Marty and the intern got up, both all messed up. Marty looked deep into her eyes, the intern in his.

"Oh, jeez, sorry about that," the intern softly stated, trying not to engage in much foreign interaction.

"It's alright. What I'm worried about is the dead producer in his office." Marty turned and noticed something off. The body of Bluhdorn Jr. had begun to move. As if on ironic command, the producer used the noose as something of a chinup bar for his neck, which was an increasingly popular exercise amongst aging movie producers, Wall Street bankers and image-obsessed celebrities. The neck lift craze got so pervasive, even mail-order manufacturers cashed in and made elastic ones resembling exercise belts. What Bluhdorn Jr. did was take a piece of rope, tied it tight but not airflow-restricting and used it to perform his necklifts. However, what separates a good neck-lift belt from twine is that twine can often break when placed under too much stress.

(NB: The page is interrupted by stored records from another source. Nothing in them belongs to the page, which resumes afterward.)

(* Let $f:\mathbb{R}^2\times\mathbb{R}\to\mathbb{R}$ be continuously differentiable, and let $(a,b)\in\mathbb{R}^2\times\mathbb{R}$ satisfy $f(a,b)=0$ and $\partial_y f(a,b)\neq 0$. Let $U\subset\mathbb{R}^2$ be a closed rectangle (sides parallel to the coordinate axes) containing $a$ and $V\subset\mathbb{R}$ a closed bounded interval containing $b$, and let $g:U\to V$ be a function such that $f(x,g(x))=0$ for all $x\in U$. Assume that for each $x\in U$ the function $y\mapsto \mathrm{sign}(f(x,y))$ on $V$ is a single-step function, and that the constant $\rho\in\{1,-1\}$ is defined by: $\rho=1$ if these step functions are increasing in $y$, and $\rho=-1$ if they are decreasing (this is the same for all $x\in U$). For a subrectangle $R\subseteq U$ define $$\mu(R)=\int_{R\times V}\Theta(f(x,y))\,dx\,dy,$$ where $\Theta(t)=1$ for $t\ge 0$ and $\Theta(t)=0$ for $t<0$, and $dx\,dy$ is Lebesgue measure. Then for every subrectangle $R$ of $U$, $$\int_R g\,dx=|R|\,(\max V)^{\frac{\rho+1}{2}}(\min V)^{\frac{1-\rho}{2}}-\rho\,\mu(R),$$ where $|R|$ denotes the area of $R$ (and a factor raised to the exponent $0$ is read as $1$).
   Context: All rectangles are parallel to the coordinate axes. The existence of $U$, $V$ and a unique continuously differentiable $g:U\to V$ with $f(x,g(x))=0$ is provided by the implicit function theorem; $f$ is regarded on $U\times V$. *)

theory Defs
  imports "HOL-Analysis.Analysis"
begin

definition Theta :: "real \<Rightarrow> real" where
  "Theta t = (if t \<ge> 0 then 1 else 0)"

definition single_step_on :: "real set \<Rightarrow> (real \<Rightarrow> real) \<Rightarrow> bool" where
  "single_step_on V h \<longleftrightarrow>
     (\<exists>t\<in>V. \<exists>u v. u \<noteq> v \<and> (\<forall>y\<in>V. y < t \<longrightarrow> h y = u) \<and> (\<forall>y\<in>V. t < y \<longrightarrow> h y = v))"

end

theory Submission
  imports Defs
begin

(* Integrating Theta (f z) over R \<times> V gives the area of the part of R \<times> V where f \<ge> 0.
  As the sign of f (x, -) changes monotonically and only at the root g x, the fibre of this
  region over x is the interval [g x, max V] (rho = 1) or [min V, g x] (rho = -1), so by
  Fubini mu(R) is the integral over R of max V - g resp. g - min V.
  Besides continuity of f (for measurability) only the uniqueness of the root in V and the
  monotonicity of the sign are used. *)

lemma measure_lborel_eq_integral_fibres:
  fixes S :: "('a::euclidean_space \<times> 'b::euclidean_space) set"
  assumes S: "S \<in> sets lborel" and fin: "emeasure lborel S < \<infinity>"
  shows "integrable lborel (\<lambda>x. measure lborel (Pair x -` S))"
    and "measure lborel S = (\<integral>x. measure lborel (Pair x -` S) \<partial>lborel)"
proof -
  have int: "integrable (lborel \<Otimes>\<^sub>M lborel) (indicator S :: _ \<Rightarrow> real)"
    unfolding lborel_prod using S fin by (simp add: integrable_indicator_iff)
  have fibre: "(\<integral>y. indicator S (x, y) \<partial>lborel) = measure lborel (Pair x -` S)" for x
  proof -
    have "(\<lambda>y. indicator S (x, y) :: real) = indicator (Pair x -` S)"
      by (simp add: indicator_def fun_eq_iff)
    then show ?thesis by simp
  qed
  show "integrable lborel (\<lambda>x. measure lborel (Pair x -` S))"
    using lborel_pair.integrable_fst'[OF int] unfolding fibre .
  show "measure lborel S = (\<integral>x. measure lborel (Pair x -` S) \<partial>lborel)"
    using lborel_pair.integral_fst'[OF int] unfolding fibre lborel_prod by simp
qed

lemma measure_Sigma_interval_eq_set_integral:
  fixes l h :: "'a::euclidean_space \<Rightarrow> real"
  assumes R: "R \<in> sets lborel" "emeasure lborel R < \<infinity>"
    and S: "(SIGMA x:R. {l x..h x}) \<in> sets lborel"
    and lh: "\<forall>x\<in>R. c \<le> l x \<and> l x \<le> h x \<and> h x \<le> d"
  shows "set_integrable lborel R (\<lambda>x. h x - l x)"
    and "measure lborel (SIGMA x:R. {l x..h x}) = (LINT x:R|lborel. h x - l x)"
proof -
  let ?S = "SIGMA x:R. {l x..h x}"
  have "emeasure lborel ?S \<le> emeasure lborel (R \<times> {c..d})"
    using lh R(1) by (intro emeasure_mono) (auto simp flip: lborel_prod)
  also have "\<dots> = emeasure lborel R * emeasure lborel {c..d}"
    using R(1) by (metis atLeastAtMost_borel lborel.emeasure_pair_measure_Times lborel_prod sets_lborel)
  also have "\<dots> < \<infinity>"
    using R(2) by (simp add: ennreal_mult_less_top emeasure_lborel_Icc_eq)
  finally have fin: "emeasure lborel ?S < \<infinity>" .
  have fibre: "measure lborel (Pair x -` ?S) = indicator R x *\<^sub>R (h x - l x)" for x
  proof -
    have "Pair x -` ?S = (if x \<in> R then {l x..h x} else {})"
      by auto
    then show ?thesis
      using lh by (simp add: indicator_def)
  qed
  show "set_integrable lborel R (\<lambda>x. h x - l x)"
    using measure_lborel_eq_integral_fibres(1)[OF S fin]
    unfolding set_integrable_def fibre .
  show "measure lborel ?S = (LINT x:R|lborel. h x - l x)"
    using measure_lborel_eq_integral_fibres(2)[OF S fin]
    unfolding set_lebesgue_integral_def fibre .
qed

lemma set_integral_Theta_eq_measure:
  "(LINT z:A|lborel. Theta (h z)) = measure lborel (A \<inter> {z. 0 \<le> h z})"
proof -
  have "(\<lambda>z. indicator A z *\<^sub>R Theta (h z)) = indicator (A \<inter> {z. 0 \<le> h z})"
    by (auto simp: Theta_def indicator_def fun_eq_iff)
  then show ?thesis
    unfolding set_lebesgue_integral_def by simp
qed

lemma sgn_mono_nonneg_iff:
  fixes h :: "real \<Rightarrow> real"
  assumes mono: "monotone_on V (\<le>) (\<le>) (\<lambda>y. sgn (h y))"
    and y0: "y0 \<in> V" "h y0 = 0" and unique: "\<forall>y\<in>V. h y = 0 \<longrightarrow> y = y0"
    and y: "y \<in> V"
  shows "0 \<le> h y \<longleftrightarrow> y0 \<le> y"
proof (cases "y = y0")
  case False
  then have "h y \<noteq> 0"
    using unique y by auto
  moreover have "y < y0 \<Longrightarrow> sgn (h y) \<le> 0" and "y0 < y \<Longrightarrow> 0 \<le> sgn (h y)"
    using mono y0 y unfolding monotone_on_def by (metis less_imp_le sgn_zero)+
  ultimately show ?thesis
    using False by (cases "y < y0") (auto simp: sgn_if split: if_splits)
qed (use y0 in simp)

lemma sgn_antimono_nonneg_iff:
  fixes h :: "real \<Rightarrow> real"
  assumes antimono: "monotone_on V (\<le>) (\<ge>) (\<lambda>y. sgn (h y))"
    and y0: "y0 \<in> V" "h y0 = 0" and unique: "\<forall>y\<in>V. h y = 0 \<longrightarrow> y = y0"
    and y: "y \<in> V"
  shows "0 \<le> h y \<longleftrightarrow> y \<le> y0"
proof (cases "y = y0")
  case False
  then have "h y \<noteq> 0"
    using unique y by auto
  moreover have "y < y0 \<Longrightarrow> 0 \<le> sgn (h y)" and "y0 < y \<Longrightarrow> sgn (h y) \<le> 0"
    using antimono y0 y unfolding monotone_on_def by (metis less_imp_le sgn_zero)+
  ultimately show ?thesis
    using False by (cases "y < y0") (auto simp: sgn_if split: if_splits)
qed (use y0 in simp)

lemma set_integral_eq_measure_minus_epigraph:
  fixes g :: "'a::euclidean_space \<Rightarrow> real"
  assumes R: "R \<in> sets lborel" "emeasure lborel R < \<infinity>"
    and epi: "(SIGMA x:R. {g x..d}) \<in> sets lborel"
    and g: "\<forall>x\<in>R. c \<le> g x \<and> g x \<le> d"
  shows "(LINT x:R|lborel. g x) = measure lborel R * d - measure lborel (SIGMA x:R. {g x..d})"
proof -
  note fibres = measure_Sigma_interval_eq_set_integral[OF R epi, of c d]
  have "(LINT x:R|lborel. g x) = (LINT x:R|lborel. d - (d - g x))"
    by simp
  also have "\<dots> = (LINT x:R|lborel. d) - (LINT x:R|lborel. d - g x)"
    using R g fibres(1) by (intro set_integral_diff(2)) (auto simp: set_integrable_def)
  also have "\<dots> = measure lborel R * d - measure lborel (SIGMA x:R. {g x..d})"
    using R g fibres(2) by (simp add: set_integral_const)
  finally show ?thesis .
qed

lemma set_integral_eq_measure_plus_hypograph:
  fixes g :: "'a::euclidean_space \<Rightarrow> real"
  assumes R: "R \<in> sets lborel" "emeasure lborel R < \<infinity>"
    and hypo: "(SIGMA x:R. {c..g x}) \<in> sets lborel"
    and g: "\<forall>x\<in>R. c \<le> g x \<and> g x \<le> d"
  shows "(LINT x:R|lborel. g x) = measure lborel R * c + measure lborel (SIGMA x:R. {c..g x})"
proof -
  note fibres = measure_Sigma_interval_eq_set_integral[OF R hypo, of c d]
  have "(LINT x:R|lborel. g x) = (LINT x:R|lborel. c + (g x - c))"
    by simp
  also have "\<dots> = (LINT x:R|lborel. c) + (LINT x:R|lborel. g x - c)"
    using R g fibres(1) by (intro set_integral_add(2)) (auto simp: set_integrable_def)
  also have "\<dots> = measure lborel R * c + measure lborel (SIGMA x:R. {c..g x})"
    using R g fibres(2) by (simp add: set_integral_const)
  finally show ?thesis .
qed

lemma nonneg_part_eq_epigraph_of_zero:
  fixes f :: "'a \<times> real \<Rightarrow> real"
  assumes mono: "\<forall>x\<in>R. monotone_on {c..d} (\<le>) (\<le>) (\<lambda>y. sgn (f (x, y)))"
    and zero: "\<forall>x\<in>R. g x \<in> {c..d} \<and> f (x, g x) = 0"
    and unique: "\<forall>x\<in>R. \<forall>y\<in>{c..d}. f (x, y) = 0 \<longrightarrow> y = g x"
  shows "(R \<times> {c..d}) \<inter> {z. 0 \<le> f z} = (SIGMA x:R. {g x..d})"
proof -
  have "0 \<le> f (x, y) \<longleftrightarrow> g x \<le> y" if "x \<in> R" "y \<in> {c..d}" for x y
  proof (rule sgn_mono_nonneg_iff[where h = "\<lambda>y. f (x, y)"])
    show "monotone_on {c..d} (\<le>) (\<le>) (\<lambda>y. sgn (f (x, y)))"
      using mono that(1) by blast
    show "g x \<in> {c..d}" "f (x, g x) = 0"
      using zero that(1) by auto
    show "\<forall>y\<in>{c..d}. f (x, y) = 0 \<longrightarrow> y = g x"
      using unique that(1) by blast
  qed (fact that(2))
  then show ?thesis
    using zero by auto
qed

lemma nonneg_part_eq_hypograph_of_zero:
  fixes f :: "'a \<times> real \<Rightarrow> real"
  assumes antimono: "\<forall>x\<in>R. monotone_on {c..d} (\<le>) (\<ge>) (\<lambda>y. sgn (f (x, y)))"
    and zero: "\<forall>x\<in>R. g x \<in> {c..d} \<and> f (x, g x) = 0"
    and unique: "\<forall>x\<in>R. \<forall>y\<in>{c..d}. f (x, y) = 0 \<longrightarrow> y = g x"
  shows "(R \<times> {c..d}) \<inter> {z. 0 \<le> f z} = (SIGMA x:R. {c..g x})"
proof -
  have "0 \<le> f (x, y) \<longleftrightarrow> y \<le> g x" if "x \<in> R" "y \<in> {c..d}" for x y
  proof (rule sgn_antimono_nonneg_iff[where h = "\<lambda>y. f (x, y)"])
    show "monotone_on {c..d} (\<le>) (\<ge>) (\<lambda>y. sgn (f (x, y)))"
      using antimono that(1) by blast
    show "g x \<in> {c..d}" "f (x, g x) = 0"
      using zero that(1) by auto
    show "\<forall>y\<in>{c..d}. f (x, y) = 0 \<longrightarrow> y = g x"
      using unique that(1) by blast
  qed (fact that(2))
  then show ?thesis
    using zero by auto
qed

lemma set_integral_implicit_root_mono:
  fixes f :: "'a::euclidean_space \<times> real \<Rightarrow> real"
  assumes R: "R \<in> sets lborel" "emeasure lborel R < \<infinity>"
    and meas: "(R \<times> {c..d}) \<inter> {z. 0 \<le> f z} \<in> sets lborel"
    and mono: "\<forall>x\<in>R. monotone_on {c..d} (\<le>) (\<le>) (\<lambda>y. sgn (f (x, y)))"
    and zero: "\<forall>x\<in>R. g x \<in> {c..d} \<and> f (x, g x) = 0"
    and unique: "\<forall>x\<in>R. \<forall>y\<in>{c..d}. f (x, y) = 0 \<longrightarrow> y = g x"
  shows "(LINT x:R|lborel. g x) = measure lborel R * d - (LINT z:(R \<times> {c..d})|lborel. Theta (f z))"
proof -
  have "(R \<times> {c..d}) \<inter> {z. 0 \<le> f z} = (SIGMA x:R. {g x..d})"
    by (rule nonneg_part_eq_epigraph_of_zero[OF mono zero unique])
  then show ?thesis
    using set_integral_eq_measure_minus_epigraph[OF R, of g d c] meas zero
    by (simp add: set_integral_Theta_eq_measure)
qed

lemma set_integral_implicit_root_antimono:
  fixes f :: "'a::euclidean_space \<times> real \<Rightarrow> real"
  assumes R: "R \<in> sets lborel" "emeasure lborel R < \<infinity>"
    and meas: "(R \<times> {c..d}) \<inter> {z. 0 \<le> f z} \<in> sets lborel"
    and antimono: "\<forall>x\<in>R. monotone_on {c..d} (\<le>) (\<ge>) (\<lambda>y. sgn (f (x, y)))"
    and zero: "\<forall>x\<in>R. g x \<in> {c..d} \<and> f (x, g x) = 0"
    and unique: "\<forall>x\<in>R. \<forall>y\<in>{c..d}. f (x, y) = 0 \<longrightarrow> y = g x"
  shows "(LINT x:R|lborel. g x) = measure lborel R * c + (LINT z:(R \<times> {c..d})|lborel. Theta (f z))"
proof -
  have "(R \<times> {c..d}) \<inter> {z. 0 \<le> f z} = (SIGMA x:R. {c..g x})"
    by (rule nonneg_part_eq_hypograph_of_zero[OF antimono zero unique])
  then show ?thesis
    using set_integral_eq_measure_plus_hypograph[OF R, of c g d] meas zero
    by (simp add: set_integral_Theta_eq_measure)
qed

theorem lemma1:
  fixes f :: "(real \<times> real) \<times> real \<Rightarrow> real"
    and a :: "real \<times> real" and b :: real
    and u1 u2 v1 v2 c d :: real
    and g :: "real \<times> real \<Rightarrow> real"
    and \<rho> :: int
  assumes C1: "\<exists>f'. (\<forall>z. (f has_derivative blinfun_apply (f' z)) (at z)) \<and> continuous_on UNIV f'"
    and zero: "f (a, b) = 0"
    and partial: "deriv (\<lambda>y. f (a, y)) b \<noteq> 0"
    and U: "U = {u1..u2} \<times> {v1..v2}" and aU: "a \<in> U"
    and V: "V = {c..d}" and bV: "b \<in> V"
    and gUV: "\<forall>x\<in>U. g x \<in> V"
    and groot: "\<forall>x\<in>U. f (x, g x) = 0"
    and guniq: "\<forall>x\<in>U. \<forall>y\<in>V. f (x, y) = 0 \<longrightarrow> y = g x"
    and step: "\<forall>x\<in>U. single_step_on V (\<lambda>y. sgn (f (x, y)))"
    and rho: "\<rho> \<in> {1, -1}"
    and incr: "\<rho> = 1 \<Longrightarrow> \<forall>x\<in>U. monotone_on V (\<le>) (\<le>) (\<lambda>y. sgn (f (x, y)))"
    and decr: "\<rho> = -1 \<Longrightarrow> \<forall>x\<in>U. monotone_on V (\<le>) (\<ge>) (\<lambda>y. sgn (f (x, y)))"
    and R: "R = {r1..r2} \<times> {s1..s2}" and RU: "R \<subseteq> U"
  shows "(LINT x:R|lborel. g x) =
           measure lborel R * d ^ nat ((\<rho> + 1) div 2) * c ^ nat ((1 - \<rho>) div 2)
           - of_int \<rho> * (LINT z:(R \<times> V)|lborel. Theta (f z))"
proof -
  have "continuous_on UNIV f"
    using C1 by (metis continuous_at_imp_continuous_on has_derivative_continuous)
  then have "closed ((R \<times> {c..d}) \<inter> {z. 0 \<le> f z})"
    unfolding R by (intro closed_Int closed_Times closed_atLeastAtMost closed_Collect_le continuous_on_const)
  then have meas: "(R \<times> {c..d}) \<inter> {z. 0 \<le> f z} \<in> sets lborel"
    by simp
  have "compact R"
    unfolding R by (intro compact_Times compact_Icc)
  then have R_meas: "R \<in> sets lborel" and R_fin: "emeasure lborel R < \<infinity>"
    by (simp add: borel_compact, rule emeasure_compact_finite)
  have zero: "\<forall>x\<in>R. g x \<in> {c..d} \<and> f (x, g x) = 0"
    and unique: "\<forall>x\<in>R. \<forall>y\<in>{c..d}. f (x, y) = 0 \<longrightarrow> y = g x"
    using RU gUV groot guniq V by auto
  from rho consider "\<rho> = 1" | "\<rho> = -1"
    by auto
  then show ?thesis
  proof cases
    case 1
    have "\<forall>x\<in>R. monotone_on {c..d} (\<le>) (\<le>) (\<lambda>y. sgn (f (x, y)))"
      using incr[OF 1] RU unfolding V by (meson subsetD)
    with 1 show ?thesis
      using set_integral_implicit_root_mono[OF R_meas R_fin meas _ zero unique] V by simp
  next
    case 2
    have "\<forall>x\<in>R. monotone_on {c..d} (\<le>) (\<ge>) (\<lambda>y. sgn (f (x, y)))"
      using decr[OF 2] RU unfolding V by (meson subsetD)
    with 2 show ?thesis
      using set_integral_implicit_root_antimono[OF R_meas R_fin meas _ zero unique] V by simp
  qed
qed

end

The rope snapped and Bluhdorn Jr. fell on his desk, spilling everything onto the floor and bending the one Oscar he kept on display: his Best Picture Oscar for A Confederacy of Dunces from 1983. He lifted himself up, looked at the Oscar and swore, "Fuck me. I gotta pay the Academy $50 to fix that."

The people outside the door looked in shock. Bluhdorn Jr. was confused - Marty's advanced age would at least make him aware of the neck-lift exercise fad, but the younger members seemed to be shirking their responsibilities regarding something that was commonplace.

"Oh, Marty! I was, uh, I was just doing some neck lifts! They really tone the face! Please come in." Bluhdorn Jr. motioned for Luke, Ellie and the intern to get back to their duties. They merely stepped to the side.

Marty walked in and shut the door behind him.